Other tactics are private -- for example, we work with foreign
governments to enable them to designate and block terrorist assets on
their own behalf. I would be pleased to tell you more about our
private efforts in a closed session.
One thing that is different about the financial front from the rest of
the war is that it is perhaps harder to measure success in the
financial effort. To address this, we measure success in many ways.
For example, we track the total amount of terrorist assets blocked.
Since September 11th, the United States and other countries have
frozen more than $80 million in terrorist-related assets. We expect
the amount of blocked assets to continue to grow -- although we also
expect to release some of the money. For example, assets once
controlled by the Taliban regime of Afghanistan will be returned to
the legitimate government of Afghanistan.
The amount of assets blocked underscores the importance of another
measure -- the amount of international cooperation in the financial
front of the war. I cannot emphasize enough how vitally important
international cooperation is. After all, we cannot bomb foreign bank
accounts. We need the cooperation of foreign governments to
investigate and block them. So far, we have received a remarkable
degree of cooperation. Foreign governments have blocked more than $46
million -- over half of the total of $80 million. 147 countries and
jurisdictions around the world have blocking orders in place. We work
with these countries daily to get more information about their efforts
and to ensure that the cooperation is as deep as it is broad. For
example, we are providing technical assistance to a number of
countries to help them develop the legal and enforcement
infrastructure they need to find and freeze terrorist assets.

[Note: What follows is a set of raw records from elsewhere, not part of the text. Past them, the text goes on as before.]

lemma gram_realization:
  fixes w :: "'a::finite \<Rightarrow> 'v::euclidean_space"
  obtains u :: "'a \<Rightarrow> real^'a" where "\<And>i j. u i \<bullet> u j = w i \<bullet> w j"
proof -
  define S where "S = span (range w)"
  have "dim S \<le> card (range w)"
    unfolding S_def by (rule dim_le_card) auto
  also have "\<dots> \<le> dim (UNIV :: (real^'a) set)"
    using card_image_le[of UNIV w] by simp
  finally obtain \<phi> :: "'v \<Rightarrow> real^'a"
    where "linear \<phi>" and isometric: "\<And>x. x \<in> S \<Longrightarrow> norm (\<phi> x) = norm x"
    using isometry_subset_subspace[OF subspace_span subspace_UNIV] unfolding S_def by metis
  have "\<phi> (w i) \<bullet> \<phi> (w j) = w i \<bullet> w j" for i j
  proof -
    have "w i \<in> S" "w j \<in> S" "w i - w j \<in> S"
      unfolding S_def by (simp_all add: span_base span_diff)
    moreover have "\<phi> (w i) - \<phi> (w j) = \<phi> (w i - w j)"
      by (simp add: linear_diff[OF \<open>linear \<phi>\<close>])
    ultimately show ?thesis
      using isometric by (simp add: dot_norm_neg)
  qed
  then show ?thesis by (rule that)
qed

lemma strict_vector_coloring_of_gram:
  fixes w :: "'a::finite \<Rightarrow> 'v::euclidean_space"
  assumes diag: "\<And>i. w i \<bullet> w i = \<alpha>" and "\<alpha> > 0"
    and edge: "\<And>i j. E i j \<Longrightarrow> w i \<bullet> w j = \<beta>" and "\<beta> \<noteq> 0"
  shows "\<exists>u. strict_vector_coloring E (1 - \<alpha> / \<beta>) u"
proof -
  obtain u' :: "'a \<Rightarrow> real^'a" where u': "\<And>i j. u' i \<bullet> u' j = w i \<bullet> w j"
    using gram_realization by blast
  define u where "u i = (1 / sqrt \<alpha>) *\<^sub>R u' i" for i
  have uu: "u i \<bullet> u j = (w i \<bullet> w j) / \<alpha>" for i j
  proof -
    have "u i \<bullet> u j = (1 / sqrt \<alpha>)\<^sup>2 * (w i \<bullet> w j)"
      by (simp add: u_def u' power2_eq_square)
    also have "\<dots> = (w i \<bullet> w j) / \<alpha>"
      using \<open>\<alpha> > 0\<close> by (simp add: power_divide)
    finally show ?thesis .
  qed
  have "norm (u i) = 1" for i
    using \<open>\<alpha> > 0\<close> by (simp add: norm_eq_sqrt_inner uu diag)
  moreover have "u i \<bullet> u j = - 1 / ((1 - \<alpha> / \<beta>) - 1)" if "E i j" for i j
    using \<open>\<alpha> > 0\<close> \<open>\<beta> \<noteq> 0\<close> by (simp add: uu edge[OF that] field_simps)
  ultimately show ?thesis
    unfolding strict_vector_coloring_def by blast
qed

lemma transitive_graph_aut_orbit_gram:
  fixes E :: "'a::finite \<Rightarrow> 'a \<Rightarrow> bool" and x :: "real^'a"
  assumes vt: "vertex_transitive E" and et: "edge_transitive E" and ab: "E a b"
    and reg: "\<And>i. card {j. E i j} = d" and "norm x = 1"
  obtains \<alpha> \<beta> where "\<alpha> > 0" and "real d * \<beta> = \<alpha> * (x \<bullet> (adj_matrix E *v x))"
    and "\<And>i. aut_orbit_vector E x i \<bullet> aut_orbit_vector E x i = \<alpha>"
    and "\<And>i j. E i j \<Longrightarrow> aut_orbit_vector E x i \<bullet> aut_orbit_vector E x j = \<beta>"
proof -
  define N where "N = card {f. graph_aut E f}"
  define K where "K i j = aut_orbit_vector E x i \<bullet> aut_orbit_vector E x j" for i j
  have "N > 0"
    using graph_aut_id[of E] unfolding N_def by (auto simp: card_gt_0_iff)
  have diag: "K i i = K a a" and edge: "E i j \<Longrightarrow> K i j = K a b" for i j
    using transitive_graph_invariant_kernel[OF vt et ab, of K]
    by (simp_all add: K_def inner_aut_orbit_vector_aut_invariant inner_commute)
  have "(norm (aut_orbit_vector E x i))\<^sup>2 = K a a" for i
    using diag[of i] by (simp add: K_def power2_norm_eq_inner)
  then have Kaa: "CARD('a) * K a a = N"
    using sum_norm_aut_orbit_vector[of E x] \<open>norm x = 1\<close> by (simp add: N_def)
  have "of_bool (E i j) * K i j = of_bool (E i j) * K a b" for i j
    using edge[of i j] by (cases "E i j") simp_all
  then have Kab: "CARD('a) * (real d * K a b) = N * (x \<bullet> (adj_matrix E *v x))"
    using sum_adj_inner_aut_orbit_vector[of E x] reg by (simp add: K_def N_def)
  have "0 < real CARD('a) * K a a"
    using Kaa \<open>N > 0\<close> by simp
  then have "K a a > 0"
    by (simp add: zero_less_mult_iff)
  moreover have "real d * K a b = K a a * (x \<bullet> (adj_matrix E *v x))"
  proof -
    have "CARD('a) * (real d * K a b) = CARD('a) * (K a a * (x \<bullet> (adj_matrix E *v x)))"
      using Kaa Kab by (simp add: mult.assoc[symmetric])
    then show ?thesis by simp
  qed
  ultimately show ?thesis
    using that diag edge unfolding K_def by blast
qed

lemma transitive_graph_strict_vector_coloring:
  fixes E :: "'a::finite \<Rightarrow> 'a \<Rightarrow> bool" and x :: "real^'a"
  assumes vt: "vertex_transitive E" and et: "edge_transitive E" and ab: "E a b"
    and reg: "\<And>i. card {j. E i j} = d"
    and "norm x = 1" and neg: "x \<bullet> (adj_matrix E *v x) < 0"
  shows "\<exists>u. strict_vector_coloring E (1 - real d / (x \<bullet> (adj_matrix E *v x))) u"
proof -
  obtain \<alpha> \<beta> where "\<alpha> > 0" and d\<beta>: "real d * \<beta> = \<alpha> * (x \<bullet> (adj_matrix E *v x))"
    and diag: "\<And>i. aut_orbit_vector E x i \<bullet> aut_orbit_vector E x i = \<alpha>"
    and edge: "\<And>i j. E i j \<Longrightarrow> aut_orbit_vector E x i \<bullet> aut_orbit_vector E x j = \<beta>"
    using transitive_graph_aut_orbit_gram[OF vt et ab reg \<open>norm x = 1\<close>] by blast
  have "\<beta> \<noteq> 0"
    using d\<beta> \<open>\<alpha> > 0\<close> neg by auto
  have "\<alpha> / \<beta> = real d / (x \<bullet> (adj_matrix E *v x))"
    using d\<beta> \<open>\<beta> \<noteq> 0\<close> neg by (simp add: field_simps)
  then show ?thesis
    using strict_vector_coloring_of_gram[OF diag \<open>\<alpha> > 0\<close> edge \<open>\<beta> \<noteq> 0\<close>] by simp
qed

lemma vector_chromatic_eqI:
  assumes "2 \<le> T" and "strict_vector_coloring E T u"
    and lower: "\<And>t v. 2 \<le> t \<Longrightarrow> vector_coloring E t v \<Longrightarrow> T \<le> t"
  shows "vector_chromatic E = T" and "strict_vector_chromatic E = T"
proof -
  have relax: "strict_vector_coloring E t v \<Longrightarrow> vector_coloring E t v" for t v
    by (simp add: strict_vector_coloring_def vector_coloring_def)
  show "vector_chromatic E = T"
    unfolding vector_chromatic_def by (rule cInf_eq_minimum) (use assms relax in blast)+
  show "strict_vector_chromatic E = T"
    unfolding strict_vector_chromatic_def by (rule cInf_eq_minimum) (use assms relax in blast)+
qed

theorem mainTheorem12:
  fixes E :: "'a::finite \<Rightarrow> 'a \<Rightarrow> bool"
  assumes "simple_graph E"
    and "\<exists>x y. E x y"
    and "vertex_transitive E"
    and "edge_transitive E"
  shows "vector_chromatic E = 1 - lambda_max E / lambda_min E
       \<and> strict_vector_chromatic E = 1 - lambda_max E / lambda_min E"
proof -
  note sg = assms(1) and vt = assms(3) and et = assms(4)
  obtain a b where ab: "E a b" using assms(2) by blast
  define d where "d = card {j. E a j}"
  have reg: "card {j. E i j} = d" for i
    unfolding d_def by (rule vertex_transitive_degree_eq[OF vt])
  have lmax: "lambda_max E = real d"
    by (rule regular_graph_lambda_max[OF sg reg])
  have "- real d \<le> lambda_min E" "lambda_min E \<le> -1"
    by (rule regular_graph_lambda_min_bounds[OF sg reg ab])+
  then have "2 \<le> 1 - real d / lambda_min E" and "lambda_min E < 0"
    by (simp_all add: field_simps)
  obtain x :: "real^'a" where x: "norm x = 1" "x \<bullet> (adj_matrix E *v x) = lambda_min E"
    using lambda_min_attained[OF sg] by blast
  then obtain u where "strict_vector_coloring E (1 - real d / lambda_min E) u"
    using transitive_graph_strict_vector_coloring[OF vt et ab reg x(1)] \<open>lambda_min E < 0\<close> by auto
  moreover have "1 - real d / lambda_min E \<le> t" if "2 \<le> t" "vector_coloring E t v" for t v
    using vector_coloring_lower_bound[OF reg lambda_min_le_rayleigh[OF sg] \<open>lambda_min E < 0\<close> that] .
  ultimately show ?thesis
    using vector_chromatic_eqI[OF \<open>2 \<le> 1 - real d / lambda_min E\<close>] unfolding lmax by blast
qed

end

We have also had success pursuing international cooperation through
multilateral fora including the U.N., the G7, the G20, the Financial
Action Task Force (FATF), and the international financial institutions
to combat terrorist financing on a global scale. A good example of
Treasury leadership on this issue is in the role of the United States
in the FATF on Money Laundering, a 31-member organization. In late
October 2001, the United States hosted an Extraordinary FATF Plenary
session, at which FATF members established eight Special
Recommendations on Terrorist Financing. These recommendations quickly
became the international standard on steps that countries can take to
protect their financial systems from abuse by terrorist financiers.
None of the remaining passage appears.